Azure Infrastructure and Identity Architect

About The Position

Requirements

• 10+ years in IT infrastructure, with 6+ years designing and delivering on Microsoft Azure in a consulting or large-enterprise environment using IaC.
• Demonstrable track record as the lead architect on substantial Azure engagements (landing zone build-outs, large-scale migrations, or enterprise identity modernization).
• Direct experience in a billable consulting model, including pre-sales contribution and ownership of SOWs.
• Azure Landing Zones/CAF, Azure Policy, platform vs. application landing zone patterns.
• Networking & security: hub-and-spoke, Virtual WAN, Azure Firewall, NSGs and ASGs, Application Gateway/Front Door/WAF, Private Link and Private DNS, ExpressRoute, site-to-site VPN, DDoS protection.
• Identity: Entra ID tenant architecture, hybrid identity (Entra Connect, Cloud Sync, ADFS where relevant), Conditional Access design, MFA and passwordless rollouts, PIM, Entra ID Governance, B2B/B2C, workload identities and managed identities.
• Infrastructure as Code: production experience with Terraform.
• Migration: Azure Migrate (Discovery, Server Assessment, Server Migration), Azure Site Recovery, Database Migration Service, application dependency mapping, cutover planning.
• Governance, monitoring, and cost: Azure Policy and Initiatives, Microsoft Defender for Cloud, Azure Monitor, Log Analytics, cost management and FinOps fundamentals.
• Working knowledge of Microsoft 365 / Intune / Defender boundaries with Azure infrastructure work, sufficient to scope adjacent workstreams and route them appropriately.

Responsibilities

• Lead technical sales motions end-to-end, from discovery through deal closure. Translate ambiguous client needs into a credible technical approach, phased roadmap, and commercial model (T&M, fixed-fee).
• Author the technical content of Statements of Work, proposals, including assumptions, deliverables, RACI, and exit criteria.
• Build and defend bottom-up estimates; size delivery teams; identify and price in risk, dependencies.
• Deliver executive-level presentations, demos, and architecture walkthroughs; convert technical credibility into pipeline.
• Serve as the lead architect across one or more concurrent Azure engagements; own the end-to-end technical quality of what we ship.
• Set architectural direction for Azure Landing Zones aligned to CAF and WAF and properly sized to support our clients’ AI workloads.
• Design and oversee implementation of hub-and-spoke and Virtual WAN network topologies, including Azure Firewall/NVA strategy, Private Link, DNS, ExpressRoute, and segmentation patterns.
• Define the identity foundation: Microsoft Entra ID tenant design, hybrid identity, Conditional Access, PIM, Entra ID governance.
• Shape and lead on-prem to Azure migration programs: assessment with Azure Migrate, wave planning, replatform vs. rehost decisions, cutover strategy, and decommissioning.
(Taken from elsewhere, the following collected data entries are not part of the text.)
(* Let $\Phi$ be a Følner sequence in $\mathbb{N}$ and let $j\mapsto f_j$ be a sequence in $L^2(\mathbb{N},\Phi)$ that is Cauchy with respect to $\|\cdot\|_\Phi$. Then there exist a subsequence $\Psi$ of $\Phi$ and $f\in L^2(\mathbb{N},\Psi)$ such that $\|f-f_j\|_\Psi\to0$ as $j\to\infty$. Moreover, if all the $f_j$ take values in an interval $[a,b]$, then so does $f$.
   Context: A Følner sequence in $\mathbb{N}$ is a sequence $\Phi\colon N\mapsto\Phi_N$ of finite non-empty subsets of $\mathbb{N}$ with $|(\Phi_N+m)\triangle\Phi_N|/|\Phi_N|\to0$ for all $m\in\mathbb{N}$. The Besicovitch seminorm is $\|f\|_\Phi=\big(\limsup_{N\to\infty}\frac{1}{|\Phi_N|}\sum_{n\in\Phi_N}|f(n)|^2\big)^{1/2}$ and $L^2(\mathbb{N},\Phi)=\{f\colon\mathbb{N}\to\mathbb{C}:\|f\|_\Phi<\infty\}$. A sequence $(f_j)$ is Cauchy with respect to $\|\cdot\|_\Phi$ if for every $\epsilon>0$ there is $N$ with $\|f_k-f_j\|_\Phi\le\epsilon$ for all $j,k\ge N$. *)

theory Defs
  imports "HOL-Analysis.Analysis" "HOL-Library.Liminf_Limsup"
begin

definition folner :: "(nat \<Rightarrow> nat set) \<Rightarrow> bool" where
  "folner \<Phi> \<longleftrightarrow> (\<forall>N. finite (\<Phi> N) \<and> \<Phi> N \<noteq> {}) \<and>
     (\<forall>m::nat. (\<lambda>N. real (card ((((\<lambda>n. n + m) ` \<Phi> N) - \<Phi> N) \<union> (\<Phi> N - ((\<lambda>n. n + m) ` \<Phi> N))))
                    / real (card (\<Phi> N))) \<longlonglongrightarrow> 0)"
Cover VMware, Hyper-V, physical, and database workloads.
• Security and governance: Microsoft Defender for Cloud, Azure Policy, role-based access control, key and secret management, logging and monitoring (Azure Monitor, Log Analytics, Sentinel handoffs).
• Mentor more junior consultants; run internal architecture reviews and design clinics.
• Contribute to and curate practice IP: reference architectures, IaC modules, assessment templates, runbooks, and migration playbooks.
• Stay current with the Azure and Entra roadmaps.